All this model does is stream chat requests - it does not pull additional models, list what models you have, or run any other commands besides sending a streaming chat request (though it should be relatively easy to extend these features).

Crash Course

If you're already using Ollama, the crash course is to run the commands to load the model names, variables, and functions in the "Run Once" section, then scroll down to the bottom and enjoy. You may need to add an "OLLAMA_ORIGINS" environment variable (detailed below).

If this is your first time using Ollama, you will want to use Powershell to download at least one model file (this contains all the weights [the "brains"] of the AI). You should also attempt to start a Powershell chat session with the model to make sure it is returning responses, and there is no issue with Ollama failing to run.

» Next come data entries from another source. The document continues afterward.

(* Let $n\ge1$, $\boldsymbol z\in\{0,1\}^n$ and $\boldsymbol y,\boldsymbol y'\in\overline{\mathbb R}^n$ satisfy $y_i\le y_i'$ whenever $z_i=1$ and $y_i\ge y_i'$ whenever $z_i=0$. Then $t_{\mathrm R,\phi}(\boldsymbol z,\boldsymbol y)\le t_{\mathrm R,\phi}(\boldsymbol z,\boldsymbol y')$, where $t_{\mathrm R,\phi}$ is either the rank-sum statistic or the Mann–Whitney-type statistic defined below.
   Context: $\overline{\mathbb R}=\mathbb R\cup\{\pm\infty\}$. For $1\le i,j\le n$ and $y,y'\in\overline{\mathbb R}$, $\psi_{i,j}(y,y')=\mathbf 1\{y>y'\}+\mathbf 1\{y=y'\}\mathbf 1\{i\ge j\}$; for $\boldsymbol y\in\overline{\mathbb R}^n$, $\mathrm{rank}_i(\boldsymbol y)=\sum_{j=1}^n\psi_{i,j}(y_i,y_j)$. $\phi$ is a fixed nondecreasing real function on the nonnegative integers. Rank-sum statistic: $t_{\mathrm R,\phi}(\boldsymbol z,\boldsymbol y)=\sum_{i=1}^nz_i\phi(\mathrm{rank}_i(\boldsymbol y))$. Mann–Whitney-type statistic: $t_{\mathrm R,\phi}(\boldsymbol z,\boldsymbol y)=\sum_{i=1}^nz_i\phi\big(\sum_{j=1}^n(1-z_j)\psi_{i,j}(y_i,y_j)\big)$. *)

theory Defs
  imports "HOL-Library.Extended_Real"
begin

definition psi :: "nat \<Rightarrow> nat \<Rightarrow> ereal \<Rightarrow> ereal \<Rightarrow> nat" where
  "psi i j a b = (if a > b then 1 else 0) + (if a = b \<and> i \<ge> j then 1 else 0)"

definition rank :: "nat \<Rightarrow> nat \<Rightarrow> (nat \<Rightarrow> ereal) \<Rightarrow> nat" where
  "rank n i y = (\<Sum>j=1..n. psi i j (y i) (y j))"

text \<open>Rank-sum statistic; z takes values in {0,1} (natural numbers).\<close>
definition t_rank :: "(nat \<Rightarrow> real) \<Rightarrow> nat \<Rightarrow> (nat \<Rightarrow> nat) \<Rightarrow> (nat \<Rightarrow> ereal) \<Rightarrow> real" where
  "t_rank \<phi> n z y = (\<Sum>i=1..n. real (z i) * \<phi> (rank n i y))"

definition t_mw :: "(nat \<Rightarrow> real) \<Rightarrow> nat \<Rightarrow> (nat \<Rightarrow> nat) \<Rightarrow> (nat \<Rightarrow> ereal) \<Rightarrow> real" where
  "t_mw \<phi> n z y = (\<Sum>i=1..n. real (z i) * \<phi> (\<Sum>j=1..n. (1 - z j) * psi i j (y i) (y j)))"

end

theory Submission
  imports Defs "HOL-Library.Product_Lexorder"
begin

text \<open>Breaking ties by the index, \<open>rank\<close> is the position of \<open>(y i, i)\<close> in the lexicographic
  order, so the ranks are a permutation of \<open>{1..n}\<close>. Raising treated responses and lowering
  control responses keeps every control that was below a treated unit below it. For the
  Mann--Whitney statistic this means that every treated unit has at least as many controls
  below it afterwards. For the rank sum over the treated set \<open>T\<close>, write
  \<open>\<phi>(rank i) = \<phi>(0) + \<Sum>r\<le>rank i. (\<phi>(r) - \<phi>(r-1))\<close> and swap the sums: it suffices that
  \<open>#{i \<in> T. r \<le> rank i}\<close> does not decrease. The units of rank \<open>\<ge> r\<close> always number
  \<open>n - r + 1\<close>, so a treated unit could leave them only if a control entered, which would
  reverse a control below a treated unit.\<close>

definition lin_rank :: "('a \<Rightarrow> 'b::linorder) \<Rightarrow> 'a set \<Rightarrow> 'a \<Rightarrow> nat" where
  "lin_rank f S i = card {j \<in> S. f j \<le> f i}"

lemma lin_rank_le_lin_rank:
  assumes "finite S" and "\<And>j. j \<in> S \<Longrightarrow> f j \<le> f i \<Longrightarrow> g j \<le> g k"
  shows "lin_rank f S i \<le> lin_rank g S k"
  unfolding lin_rank_def using assms by (intro card_mono) auto

lemma lin_rank_mono: "finite S \<Longrightarrow> f i \<le> f k \<Longrightarrow> lin_rank f S i \<le> lin_rank f S k"
  by (rule lin_rank_le_lin_rank) auto

lemma lin_rank_strict_mono:
  assumes "finite S" and "k \<in> S" and "f i < f k"
  shows "lin_rank f S i < lin_rank f S k"
proof -
  have "{j \<in> S. f j \<le> f i} \<subseteq> {j \<in> S. f j \<le> f k}"
    using assms(3) by (auto intro: order_trans less_imp_le)
  moreover have "k \<in> {j \<in> S. f j \<le> f k} - {j \<in> S. f j \<le> f i}"
    using assms(2,3) by auto
  ultimately show ?thesis
    unfolding lin_rank_def using assms(1) by (intro psubset_card_mono) auto
qed

lemma less_of_lin_rank_less: "finite S \<Longrightarrow> lin_rank f S i < lin_rank f S k \<Longrightarrow> f i < f k"
  using lin_rank_mono[of S f k i] by (meson leD linorder_le_less_linear)

lemma lin_rank_le_card: "finite S \<Longrightarrow> lin_rank f S i \<le> card S"
  unfolding lin_rank_def by (intro card_mono) auto

lemma bij_betw_lin_rank:
  assumes "finite S" and "inj_on f S"
  shows "bij_betw (lin_rank f S) S {1..card S}"
proof -
  have "inj_on (lin_rank f S) S"
  proof (rule inj_onI)
    fix i k assume "i \<in> S" "k \<in> S" "lin_rank f S i = lin_rank f S k"
    then show "i = k"
      using assms lin_rank_strict_mono[of S i f k] lin_rank_strict_mono[of S k f i]
      by (metis inj_on_contraD less_irrefl linorder_neqE)
  qed
  moreover have "lin_rank f S ` S \<subseteq> {1..card S}"
  proof
    fix r assume "r \<in> lin_rank f S ` S"
    then obtain i where "i \<in> S" and r: "r = lin_rank f S i" by blast
    then have "{j \<in> S. f j \<le> f i} \<noteq> {}" by auto
    with \<open>finite S\<close> have "r \<ge> 1" unfolding r lin_rank_def by (simp add: Suc_le_eq card_gt_0_iff)
    with \<open>finite S\<close> show "r \<in> {1..card S}" using r lin_rank_le_card by auto
  qed
  moreover have "card (lin_rank f S ` S) = card {1..card S}"
    using card_image[OF \<open>inj_on (lin_rank f S) S\<close>] by simp
  ultimately show ?thesis
    unfolding bij_betw_def by (simp add: card_subset_eq)
qed

lemma card_lin_rank_ge:
  assumes "finite S" and "inj_on f S"
  shows "card {i \<in> S. r \<le> lin_rank f S i} = card {k \<in> {1..card S}. r \<le> k}"
  by (rule bij_betw_same_card,
      rule bij_betw_Collect[OF bij_betw_lin_rank[OF assms], where Q = "\<lambda>k. r \<le> k"]) simp

lemma card_Int_le_card_Int:
  assumes "finite U" "finite U'" "card U = card U'" and "T \<inter> U \<subseteq> U' \<or> U' - T \<subseteq> U"
  shows "card (T \<inter> U) \<le> card (T \<inter> U')"
  using assms(4)
proof
  assume "T \<inter> U \<subseteq> U'"
  then show ?thesis using assms(2) by (intro card_mono) auto
next
  assume "U' - T \<subseteq> U"
  then have "card (U' - T) \<le> card (U - T)" using assms(1) by (intro card_mono) auto
  moreover have "card U = card (U \<inter> T) + card (U - T)" "card U' = card (U' \<inter> T) + card (U' - T)"
    using assms(1,2) by (simp_all add: card_Int_Diff)
  ultimately show ?thesis using assms(3) by (simp add: Int_commute)
qed

lemma card_lin_rank_ge_mono:
  assumes "finite S" "inj_on f S" "inj_on g S" "T \<subseteq> S"
    and preserved: "\<And>c t. c \<in> S - T \<Longrightarrow> t \<in> T \<Longrightarrow> f c \<le> f t \<Longrightarrow> g c \<le> g t"
  shows "card {i \<in> T. r \<le> lin_rank f S i} \<le> card {i \<in> T. r \<le> lin_rank g S i}"
proof -
  define U where "U = {i \<in> S. r \<le> lin_rank f S i}"
  define U' where "U' = {i \<in> S. r \<le> lin_rank g S i}"
  have "T \<inter> U \<subseteq> U' \<or> U' - T \<subseteq> U"
  proof (rule ccontr)
    assume "\<not> ?thesis"
    then obtain t c where t: "t \<in> T" "t \<in> U" "t \<notin> U'" and c: "c \<in> U'" "c \<notin> T" "c \<notin> U"
      by blast
    have "lin_rank f S c < lin_rank f S t" using t c by (auto simp: U_def U'_def)
    then have "f c \<le> f t" using assms(1) by (auto dest: less_of_lin_rank_less)
    then have "g c \<le> g t" using preserved t c by (auto simp: U'_def)
    then have "lin_rank g S c \<le> lin_rank g S t" by (rule lin_rank_mono[OF assms(1)])
    moreover have "lin_rank g S t < lin_rank g S c" using t c assms(4) by (auto simp: U_def U'_def)
    ultimately show False by simp
  qed
  moreover have "card U = card U'"
    unfolding U_def U'_def using assms(1-3) by (simp add: card_lin_rank_ge)
  ultimately have "card (T \<inter> U) \<le> card (T \<inter> U')"
    using assms(1) by (intro card_Int_le_card_Int) (auto simp: U_def U'_def)
  moreover have "{i \<in> T. r \<le> lin_rank f S i} = T \<inter> U" "{i \<in> T. r \<le> lin_rank g S i} = T \<inter> U'"
    using assms(4) by (auto simp: U_def U'_def)
  ultimately show ?thesis by simp
qed

lemma telescope_of_bool:
  fixes \<phi> :: "nat \<Rightarrow> 'a::comm_ring_1"
  assumes "k \<le> n"
  shows "\<phi> k = \<phi> 0 + (\<Sum>r=1..n. of_bool (r \<le> k) * (\<phi> r - \<phi> (r - 1)))"
proof -
  have "(\<Sum>r=1..n. of_bool (r \<le> k) * (\<phi> r - \<phi> (r - 1))) = (\<Sum>r=1..k. \<phi> r - \<phi> (r - 1))"
    using assms by (intro sum.mono_neutral_cong_right) auto
  also have "\<dots> = \<phi> k - \<phi> 0"
    by (induction k) auto
  finally show ?thesis by simp
qed

lemma sum_eq_level_set_sum:
  fixes \<phi> :: "nat \<Rightarrow> 'a::comm_ring_1"
  assumes "finite T" and "\<forall>i\<in>T. g i \<le> n"
  shows "(\<Sum>i\<in>T. \<phi> (g i))
    = of_nat (card T) * \<phi> 0 + (\<Sum>r=1..n. of_nat (card {i \<in> T. r \<le> g i}) * (\<phi> r - \<phi> (r - 1)))"
proof -
  have "(\<Sum>i\<in>T. \<phi> (g i))
      = (\<Sum>i\<in>T. \<phi> 0 + (\<Sum>r=1..n. of_bool (r \<le> g i) * (\<phi> r - \<phi> (r - 1))))"
    using assms(2) by (intro sum.cong refl telescope_of_bool) auto
  also have "\<dots> = of_nat (card T) * \<phi> 0
      + (\<Sum>r=1..n. (\<Sum>i\<in>T. of_bool (r \<le> g i)) * (\<phi> r - \<phi> (r - 1)))"
    by (simp add: sum.distrib sum_distrib_right sum.swap[of _ T])
  finally show ?thesis
    using assms(1) by (simp add: Int_def)
qed

lemma sum_mono_of_level_sets:
  fixes \<phi> :: "nat \<Rightarrow> 'a::linordered_idom"
  assumes "mono \<phi>" and "finite T" and "\<forall>i\<in>T. g i \<le> n" and "\<forall>i\<in>T. h i \<le> n"
    and "\<And>r. card {i \<in> T. r \<le> g i} \<le> card {i \<in> T. r \<le> h i}"
  shows "(\<Sum>i\<in>T. \<phi> (g i)) \<le> (\<Sum>i\<in>T. \<phi> (h i))"
  unfolding sum_eq_level_set_sum[OF assms(2,3)] sum_eq_level_set_sum[OF assms(2,4)]
  using assms(1,5) by (intro add_left_mono sum_mono mult_right_mono) (simp_all add: monoD)

lemma lex_le_shift:
  fixes a b a' b' :: "'a::linorder"
  assumes "(a, i) \<le> (b, j)" and "a' \<le> a" and "b \<le> b'"
  shows "(a', i) \<le> (b', j)"
  using assms by (auto intro: order.strict_trans1 order.strict_trans2 order_trans)

lemma psi_eq_lex: "psi i j a b = of_bool ((b, j) \<le> (a, i))"
  by (auto simp: psi_def)

lemma rank_eq_lin_rank: "rank n i y = lin_rank (\<lambda>j. (y j, j)) {1..n} i"
  unfolding rank_def lin_rank_def psi_eq_lex by (simp add: Int_def del: less_eq_prod_simp)

lemma t_rank_eq_sum_treated:
  assumes "\<forall>i\<in>{1..n}. z i \<in> {0, 1}"
  shows "t_rank \<phi> n z y = (\<Sum>i \<in> {i \<in> {1..n}. z i = 1}. \<phi> (lin_rank (\<lambda>j. (y j, j)) {1..n} i))"
  unfolding t_rank_def rank_eq_lin_rank sum.inter_filter[OF finite_atLeastAtMost]
  using assms by (intro sum.cong) auto

lemma t_mw_eq_sum_treated:
  assumes "\<forall>i\<in>{1..n}. z i \<in> {0, 1}"
  shows "t_mw \<phi> n z y
    = (\<Sum>i \<in> {i \<in> {1..n}. z i = 1}. \<phi> (lin_rank (\<lambda>j. (y j, j)) {j \<in> {1..n}. z j = 0} i))"
proof -
  have "(\<Sum>j=1..n. (1 - z j) * psi i j (y i) (y j)) = lin_rank (\<lambda>j. (y j, j)) {j \<in> {1..n}. z j = 0} i" for i
  proof -
    have "(\<Sum>j=1..n. (1 - z j) * psi i j (y i) (y j))
        = (\<Sum>j=1..n. of_bool (z j = 0 \<and> (y j, j) \<le> (y i, i)))"
      using assms by (intro sum.cong) (auto simp: psi_eq_lex)
    then show ?thesis
      unfolding lin_rank_def by (simp add: Int_def conj_assoc)
  qed
  then show ?thesis
    unfolding t_mw_def sum.inter_filter[OF finite_atLeastAtMost]
    using assms by (intro sum.cong) auto
qed

theorem lemma1:
  fixes \<phi> :: "nat \<Rightarrow> real" and n :: nat and z :: "nat \<Rightarrow> nat" and y y' :: "nat \<Rightarrow> ereal"
  assumes "mono \<phi>" and "n \<ge> 1"
    and "\<forall>i\<in>{1..n}. z i \<in> {0, 1}"
    and "\<forall>i\<in>{1..n}. z i = 1 \<longrightarrow> y i \<le> y' i"
    and "\<forall>i\<in>{1..n}. z i = 0 \<longrightarrow> y i \<ge> y' i"
  shows "t_rank \<phi> n z y \<le> t_rank \<phi> n z y' \<and> t_mw \<phi> n z y \<le> t_mw \<phi> n z y'"
proof
  define T where "T = {i \<in> {1..n}. z i = 1}"
  define C where "C = {i \<in> {1..n}. z i = 0}"
  have "{1..n} - T = C" using assms(3) by (auto simp: T_def C_def)
  have preserved: "(y' c, c) \<le> (y' t, t)" if "c \<in> C" "t \<in> T" "(y c, c) \<le> (y t, t)" for c t
  proof (rule lex_le_shift[OF that(3)])
    show "y' c \<le> y c" using that(1) assms(5) by (simp add: C_def)
    show "y t \<le> y' t" using that(2) assms(4) by (simp add: T_def)
  qed
  have inj: "inj_on (\<lambda>j. (w j, j)) A" for w :: "nat \<Rightarrow> ereal" and A
    by (rule inj_onI) simp
  show "t_rank \<phi> n z y \<le> t_rank \<phi> n z y'"
    unfolding t_rank_eq_sum_treated[OF assms(3)] T_def[symmetric]
  proof (rule sum_mono_of_level_sets[OF assms(1)])
    show "card {i \<in> T. r \<le> lin_rank (\<lambda>j. (y j, j)) {1..n} i}
        \<le> card {i \<in> T. r \<le> lin_rank (\<lambda>j. (y' j, j)) {1..n} i}" for r
      using preserved \<open>{1..n} - T = C\<close>
      by (intro card_lin_rank_ge_mono inj) (auto simp: T_def)
  qed (use lin_rank_le_card[of "{1..n}"] in \<open>auto simp: T_def\<close>)
  show "t_mw \<phi> n z y \<le> t_mw \<phi> n z y'"
    unfolding t_mw_eq_sum_treated[OF assms(3)] T_def[symmetric] C_def[symmetric]
  proof (intro sum_mono monoD[OF assms(1)])
    show "lin_rank (\<lambda>j. (y j, j)) C i \<le> lin_rank (\<lambda>j. (y' j, j)) C i" if "i \<in> T" for i
      using preserved that by (intro lin_rank_le_lin_rank) (auto simp: C_def)
  qed
qed

end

If you are having issues running Ollama commands from Powershell, see if you can navigate to the installation folder, typically %AppData%\Local\Programs\Ollama, and attempt to run the commands there. If commands work from the Ollama installation folder, then the Ollama path is likely missing from your "Path" environment variable.

Ollama Environment Variables

Unless you do application configuration for a living, this is probably your first time hearing about environment variables. There are a few that you'll want to set / unset / know what they do.

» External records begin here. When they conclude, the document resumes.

(* Let $H$ be a Hopf algebra over $\mathbb{C}$ with antipode $S$ and $A$ a left $H$-module algebra. On the Kadison bialgebroid $(A\otimes A^{op})\bowtie H$ (underlying space $A\otimes A\otimes H$) with product $(a\otimes b\otimes h)(a'\otimes b'\otimes h')=a(h_{(1)}\triangleright a')\otimes b'(S(h'_{(2)})\triangleright b)\otimes h_{(2)}h'_{(1)}$, source $a\mapsto a\otimes1\otimes1$, target $a\mapsto1\otimes a\otimes1$, coproduct $(a\otimes b)\otimes h\mapsto((a\otimes1)\otimes h_{(1)})\otimes_A((1\otimes b)\otimes h_{(2)})$ and counit $(a\otimes b)\otimes h\mapsto a(h\triangleright b)$, the map $\nu:\mathcal K\otimes_{A^{op}}\mathcal K\to\mathcal K\otimes_A\mathcal K$, $(a\otimes b\otimes h)\otimes(a'\otimes b'\otimes h')\mapsto(a\otimes1\otimes h_{(1)})\otimes_A\big((h_{(2)}\triangleright a')\otimes b'(S(h'_{(2)})\triangleright b)\otimes h_{(3)}h'_{(1)}\big)$, is bijective, with inverse $(a\otimes b\otimes h)\otimes_A(a'\otimes b'\otimes h')\mapsto(a\otimes1\otimes h_{(1)})\otimes_{A^{op}}\big((b\otimes1\otimes S(h_{(2)}))\cdot(a'\otimes b'\otimes h')\big)$. Hence $(A\otimes A^{op})\bowtie H$ is a left $\times_A$-Hopf algebra.
   Context: A left $R$-bialgebroid is a $\mathbb{C}$-algebra $\mathcal K$ with algebra maps $\mathfrak s:R\to\mathcal K$ (source), $\mathfrak t:R^{op}\to\mathcal K$ (target) with commuting ranges, $R$-bimodule structure $r_1\cdot k\cdot r_2=\mathfrak s(r_1)\mathfrak t(r_2)k$, and $R$-bimodule maps $\Delta(k)=k_{(1)}\otimes_R k_{(2)}$, $\varepsilon:\mathcal K\to R$ forming a coassociative counital $R$-coring, with $k_{(1)}\mathfrak t(r)\otimes_R k_{(2)}=k_{(1)}\otimes_R k_{(2)}\mathfrak s(r)$, $\Delta(1)=1\otimes_R1$, $\Delta(kk')=k_{(1)}k'_{(1)}\otimes_R k_{(2)}k'_{(2)}$, $\varepsilon(1)=1_R$, $\varepsilon(kk')=\varepsilon(k\mathfrak s(\varepsilon(k')))$. It is a left $\times_R$-Hopf algebra if $\nu:\mathcal K\otimes_{R^{op}}\mathcal K\to\mathcal K\otimes_R\mathcal K$, $k\otimes k'\mapsto k_{(1)}\otimes_R k_{(2)}k'$, is bijective, where the domain is balanced by $k\mathfrak t(r)\otimes k'=k\otimes\mathfrak t(r)k'$. Here $\mathcal K=(A\otimes A^{op})\bowtie H$ and $R=A$. The Kadison structure is taken as a left $A$-bialgebroid (Kadison). *)

theory Defs
  imports Complex_Main
begin

locale calg = module sc
  for sc :: "complex \<Rightarrow> 'a::{ring,monoid_mult} \<Rightarrow> 'a" +
  assumes scale_mult_left: "sc c (x * y) = sc c x * y"
      and scale_mult_right: "sc c (x * y) = x * sc c y"

text \<open>Elements of a tensor product are represented by finite lists of simple
  tensors (scalars absorbed in the first factor). Two representatives are equal in
  the tensor product iff every multilinear (resp. balanced multilinear) complex
  valued functional agrees on them (functionals separate points of the quotient).\<close>

definition lin_c :: "(complex \<Rightarrow> 'a::ab_group_add \<Rightarrow> 'a) \<Rightarrow> ('a \<Rightarrow> complex) \<Rightarrow> bool" where
  "lin_c s f \<longleftrightarrow> (\<forall>x y. f (x + y) = f x + f y) \<and> (\<forall>c x. f (s c x) = c * f x)"

definition bilin_c where
  "bilin_c s1 s2 (\<phi> :: 'a::ab_group_add \<Rightarrow> 'b::ab_group_add \<Rightarrow> complex) \<longleftrightarrow>
     (\<forall>b. lin_c s1 (\<lambda>a. \<phi> a b)) \<and> (\<forall>a. lin_c s2 (\<lambda>b. \<phi> a b))"

definition trilin_c where
  "trilin_c s1 s2 s3 (\<phi> :: 'a::ab_group_add \<Rightarrow> 'b::ab_group_add \<Rightarrow> 'c::ab_group_add \<Rightarrow> complex) \<longleftrightarrow>
     (\<forall>b c. lin_c s1 (\<lambda>a. \<phi> a b c)) \<and> (\<forall>a c. lin_c s2 (\<lambda>b. \<phi> a b c))
     \<and> (\<forall>a b. lin_c s3 (\<lambda>c. \<phi> a b c))"

definition teq2 where
  "teq2 s1 s2 (xs :: ('a::ab_group_add \<times> 'b::ab_group_add) list) ys \<longleftrightarrow>
     (\<forall>\<phi>. bilin_c s1 s2 \<phi> \<longrightarrow>
        (\<Sum>(a,b)\<leftarrow>xs. \<phi> a b) = (\<Sum>(a,b)\<leftarrow>ys. \<phi> a b))"

definition teq3 where
  "teq3 s1 s2 s3 (xs :: ('a::ab_group_add \<times> 'b::ab_group_add \<times> 'c::ab_group_add) list) ys \<longleftrightarrow>
     (\<forall>\<phi>. trilin_c s1 s2 s3 \<phi> \<longrightarrow>
        (\<Sum>(a,b,c)\<leftarrow>xs. \<phi> a b c) = (\<Sum>(a,b,c)\<leftarrow>ys. \<phi> a b c))"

To get into these (on Windows 10), go to Start -> Settings -> System -> About, and click "Advanced system settings" on the right. On the "System Properties" window, go to the "Advanced" tab and click "Environment Variables". You should get the following window:

enter image description here

(I removed my system irrelevant variables for obvious security reasons, but you should have a lot.)

You may click "New" to add further variables. You will need to add "OLLAMA_ORIGINS" and set the value to "*://localhost" as in the example so that Ollama is allowed to receive connections from your own computer.

If you click on "Path" and click "Edit", you may have the path to the Ollama install directory in here. This allows Powershell, the Run dialog, and other things to run Ollama without needing to reference the entire folder path in the command line.

"OLLAMA_MODELS" will let you specify a different directory to download models into.

Lastly, please confirm that Mathematica is allowed to access the Internet (on version 12, this option is under Edit -> Preferences -> Internet & Mail).

Building Ollama HTTP Requests

Most of the HTTP request is built using Mathematica association datatypes - this is mostly just a list where values are assigned to a named "key" as well as maintaining an array position, and can be called by the name of the key.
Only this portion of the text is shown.